Calder’s jaw worked like he was chewing on rage. The veins at his temple stood out against the stubble. “Watch yourself.”
“Why? Because everyone’s watching already?”
His nostrils flared. He took a step forward, ice crunching beneath his boots. “You done?”
“Not even close.” The tremor in my voice wasn’t fear—it was something else, something meaner. “You stand up there pretending this is about discipline or drive, but it’s not. You don’t get to be hard on me to erase what you did.”
The silence that followed felt alive. No one moved. The sound of the ventilation system groaned through the rafters, loud and lonely. The puck under my blade ticked against the ice like a clock counting down a bad decision.
Calder didn’t blink. His mouth opened, then closed. Whatever he wanted to say, he buried it deep.
Someone coughed near the bench. Skates shifted uneasily.
“Locker room,” he clipped out finally, eyes still locked on me. “Now.”
I didn’t move. For five seconds, I stood there, staring him down, heart slamming, the whole world hanging in the space between us. Then I kicked the puck toward the boards. It smacked hard and died against the wall.
“I’m not your scapegoat,” I said, quieter but no softer. “You want a player, you’ve got one.
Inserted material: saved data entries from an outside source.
definition teq :: "nat \<Rightarrow> nat \<Rightarrow> nat \<Rightarrow> tensor \<Rightarrow> tensor \<Rightarrow> bool" where
  "teq p q n3 A B \<longleftrightarrow> (\<forall>i<p. \<forall>j<q. \<forall>k<n3. A i j k = B i j k)"

text \<open>Vs j is the paper's V_j (j \<ge> 1), h i j is the tube h_{i,j} (1-based indices),
  W j i is the working tensor W in step j after subtracting the first i projections.\<close>
definition arnoldi_run ::
  "nat \<Rightarrow> nat \<Rightarrow> nat \<Rightarrow> tensor \<Rightarrow> tensor \<Rightarrow> nat \<Rightarrow>
   (nat \<Rightarrow> tensor) \<Rightarrow> (nat \<Rightarrow> nat \<Rightarrow> tensor) \<Rightarrow> (nat \<Rightarrow> nat \<Rightarrow> tensor) \<Rightarrow> bool" where
  "arnoldi_run n3 n s A V m Vs h W \<longleftrightarrow>
     (\<forall>k<n3. fro_slice n3 n s V k \<noteq> 0) \<and>
     Vs 1 = norm_Q n3 n s V \<and>
     (\<forall>j\<in>{1..m}.
        W j 0 = tprod n3 n A (Vs j) \<and>
        (\<forall>i\<in>{1..j}. h i j = tinner n3 n s (Vs i) (W j (i - 1)) \<and>
                     W j i = tsub (W j (i - 1)) (tscal n3 (h i j) (Vs i))) \<and>
        (\<forall>k<n3. fro_slice n3 n s (W j j) k \<noteq> 0) \<and>
        Vs (j + 1) = norm_Q n3 n s (W j j) \<and>
        h (j + 1) j = norm_tube n3 n s (W j j))"

text \<open>\<bbbV>_m = [V_1, ..., V_m] in R^{n x sm x n3}.\<close>
definition VV :: "nat \<Rightarrow> (nat \<Rightarrow> tensor) \<Rightarrow> nat \<Rightarrow> tensor" where
  "VV s Vs m = (\<lambda>a b k. if b < s * m then Vs (b div s + 1) a (b mod s) k else 0)"

text \<open>Hessenberg tensor tilde H_m ((m+1) x m x n3) and H_m (m x m x n3), 0-based entries.\<close>
definition Htil :: "(nat \<Rightarrow> nat \<Rightarrow> tensor) \<Rightarrow> nat \<Rightarrow> tensor" where
  "Htil h m = (\<lambda>i j k. if i \<le> j + 1 \<and> i < m + 1 \<and> j < m then h (i + 1) (j + 1) 0 0 k else 0)"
You want to rewrite history, find someone else.”
I turned before he could answer, blades hissing as I cut across the ice toward the tunnel. Every stride felt like breaking surface after being held under too long.
The girls parted as I passed, their whispers washing after me, a string of static I didn’t bother to catch.
By the time the last whistle hit, I hadn’t moved from the room. My gear was soaked, pads sticking to my skin, helmet resting beside me like an apology I didn’t remember accepting.
The locker room filled and emptied in waves—laughter first, then the shuffle of skates on tile, the hiss of the showers.
Reese paused by the door, bag over his shoulder. “He wants you back on the ice.”
I blinked up at him. “You serious?”
“Dead serious.” She glanced toward the tunnel, winced. “Good luck, Dono.”
Kira’s hand brushed my shoulder as she passed. “Don’t let him eat you alive.”
The door closed behind them, and it was quiet again. Only the hum of the lights and the mechanical drip from the melting ice of my elbow pad. I strapped my helmet back on, tightened the chin guard till it hurt, and went.
Calder waited at center ice—hands on hips, clipboard gone. No puck, no stick in his own hand. Just that stare.
“You wanted a reason to fight,” he said. “Now you get one. Suicides. Goal line to line. Don’t stop till I say.”
I didn’t answer. Just skated to the stripe and set my feet.
“Go.”
The whistle cut through the cold, and I exploded forward. Sprint, stop, pivot, back again. My blades screamed across the grooves left by the earlier drills. Each stride tore at what was left of my lungs. My breath turned sharp and heavy inside the cage of my helmet.
He watched, silent except for the whistle. Every time it blew, I turned. Blue line. Red. Blue again. Goal. Repeat.
The rink dimmed at the edges after a while. The boards blurred. Thirty minutes stretched long and mean. I didn’t look at him. Didn’t give him the satisfaction. When my thighs started to shake, I bit the inside of my cheek and kept going.
If he wanted to break me, he’d have to do more than yell.
The whistle finally died. I coasted to a stop, bent double, palms on my knees. Sweat dripped from the end of my nose, pattered on the ice like rain. My chest heaved, dragging air that felt too thick to swallow.
He stepped closer, voice low. “That enough for you?”
I leaned on my stick and stared at him through the cage. “You’re a coward.”